Para tarefa escolar: Guilherme Gonçalves, de sete anos, entrevista a avó, Fernanda
Gonçalves, que beira os setenta anos?

- Vovó, como foi sua infância?

- Na minha família, éramos cinco irmãos, nossos pais e a nossa avó. Morávamos numa
grande casa de três andares, além do sótão em parte da área. Tínhamos um jardim bem
cuidado, um pátio e um grande quintal, onde havia muitas frutíferas, grandes e
pequenas: mangueira, jaqueira, sapotizeiro, jambeiro, limoeiro, mamoeiro, romãzeira,
limeira, goiabeira, bananeira de banana maçã, e um canteiro redondo com cana-de-
açúcar.

Vivíamos subindo nas árvores, sobretudo no sapotizeiro, para colher os frutos e,


frequentemente, caíamos dele, até as crianças da geração seguinte faziam o circuito e
levavam tombos – Pedro que o diga, sofreu a queda mais grave.

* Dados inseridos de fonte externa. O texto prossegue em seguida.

lemma compact_bound_finite_family:
  fixes f :: "nat \<Rightarrow> 'a::topological_space \<Rightarrow> real"
  assumes "compact S" "\<And>j. j < N \<Longrightarrow> continuous_on S (f j)"
  obtains B where "\<And>j p. j < N \<Longrightarrow> p \<in> S \<Longrightarrow> \<bar>f j p\<bar> \<le> B"
proof -
  have "continuous_on S (\<lambda>p. \<Sum>j<N. \<bar>f j p\<bar>)"
    using assms(2) by (intro continuous_intros) auto
  then obtain B where B: "\<And>p. p \<in> S \<Longrightarrow> norm (\<Sum>j<N. \<bar>f j p\<bar>) \<le> B"
    using continuous_on_compact_bound[OF assms(1)] by blast
  have "\<bar>f j p\<bar> \<le> B" if "j < N" "p \<in> S" for j p
  proof -
    have "\<bar>f j p\<bar> \<le> (\<Sum>j<N. \<bar>f j p\<bar>)"
      by (rule member_le_sum) (use that in auto)
    also have "\<dots> \<le> B" using B[OF that(2)] by simp
    finally show ?thesis .
  qed
  then show ?thesis using that by blast
qed

lemma continuous_positive_persists:
  fixes v :: "real \<Rightarrow> real \<Rightarrow> real"
  assumes "compact A" "0 < b" and cont: "continuous_on (A \<times> {0..b}) (\<lambda>(x, t). v x t)"
    and pos: "\<And>x. x \<in> A \<Longrightarrow> 0 < v x 0"
  obtains a m where "0 < a" "a \<le> b" "0 < m" "\<And>x. x \<in> A \<Longrightarrow> m < v x a"
proof (cases "A = {}")
  case True
  then show ?thesis using that[of b 1] \<open>0 < b\<close> by simp
next
  case False
  have "continuous_on A (\<lambda>x. v x 0)"
    by (rule continuous_on_compose2[OF cont, of _ "\<lambda>x. (x, 0)", simplified])
      (auto intro!: continuous_intros simp: \<open>0 < b\<close> less_imp_le)
  then obtain x0 where "x0 \<in> A" and x0: "\<And>x. x \<in> A \<Longrightarrow> v x0 0 \<le> v x 0"
    using continuous_attains_inf[OF \<open>compact A\<close> False] by blast
  define m where "m = v x0 0 / 2"
  have "0 < m" using pos[OF \<open>x0 \<in> A\<close>] by (simp add: m_def)
  obtain d where "0 < d" and d: "\<And>p p'. p \<in> A \<times> {0..b} \<Longrightarrow> p' \<in> A \<times> {0..b} \<Longrightarrow>
      dist p' p < d \<Longrightarrow> dist ((\<lambda>(x, t). v x t) p') ((\<lambda>(x, t). v x t) p) < m"
    using compact_uniformly_continuous[OF cont compact_Times[OF \<open>compact A\<close> compact_Icc]] \<open>0 < m\<close>
    unfolding uniformly_continuous_on_def by blast
  define a where "a = min (d/2) b"
  have "0 < a" "a \<le> b" using \<open>0 < d\<close> \<open>0 < b\<close> by (auto simp: a_def)
  moreover have "m < v x a" if "x \<in> A" for x
  proof -
    have "dist (v x a) (v x 0) < m"
      using d[of "(x, 0)" "(x, a)"] that \<open>0 < a\<close> \<open>a \<le> b\<close> \<open>0 < d\<close>
      by (simp add: dist_Pair_Pair a_def)
    moreover have "2 * m \<le> v x 0" using x0[OF that] by (simp add: m_def)
    ultimately show ?thesis by (simp add: dist_real_def)
  qed
  ultimately show ?thesis using that \<open>0 < m\<close> by blast
qed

Eu só caí da acácia,
ficando dias com o braço muito inchado. Mas, todos nós sobrevivemos. Nós, irmãos, e
as outras crianças da rua, pois a casa era aberta. Melhor dizendo: era como não tivesse
porta, pois tanto os amigos entravam para brincar como estendíamos as brincadeiras à
rua.

- E do que vocês brincavam?

- A maior parte das brincadeiras era ao ar livre. Esconde-esconde, jogos com bola, pega-
pega, chicotinho queimado, batatinha frita, bang-bang... Nessa última, meus irmãos
meninos eram sempre os cawboys e eu e minha amiga holandesa, Querine, éramos os
bandidos, que, claro, sempre terminavam mal, caídas mortas no chão. Interessante, era
que achávamos que, para morrer, precisávamos cair com os braços abertos, formando
uma cruz. Quando explicaram que podíamos adotar outra posição, ficamos muito
surpresas com essa possibilidade. Acho que porque era uma postura costumeira nos
filmes de faroeste que assistíamos. E, quando chovia, aquelas chuvas fortes, íamos
brincar de qualquer coisa na chuva ou, simplesmente, tomar um belo banho debaixo da
bica.

Uma vez, eu muito pequena, estava brincando com minha bola na rua, quando uns três
ou quatro meninos maiores tomaram minha bola e começaram a jogar. Eu pedia que a
devolvessem e eles riam. Mas, fui salva pelo carteiro, que, naquele tempo, usava um
uniforme azul escuro e quepe. Ele passou, e pensei que era um policial, pedi a ele que
interviesse. E ele assim o fez: foi até o grupo de machinhos, deu uma bronca e me
trouxe a bola de volta.
É esse outro ponto: nós conhecíamos todos os vendedores e prestadores de serviço que
transitavam pela rua. Havia o verdureiro, Sr. Valdemar, que vinha com seu burrinho,
diariamente, vender frutas e verduras. Costumávamos montar no burrinho e ele dava
uma volta conosco. Também a mulher que vendia fígado e tinha uma forma tão
diferente de anunciar seu produto, que só depois de grande entendi do que se tratava,
porque ela gritava assim: fi-guêêêê!!! Fi-guêêê!!! Para mim, era um mistério o que ela
levava no tabuleiro. O peixeiro também vinha todos os dias, além do baleiro e do
carteiro, de quem me tornei próxima, desde que resgatou minha bola.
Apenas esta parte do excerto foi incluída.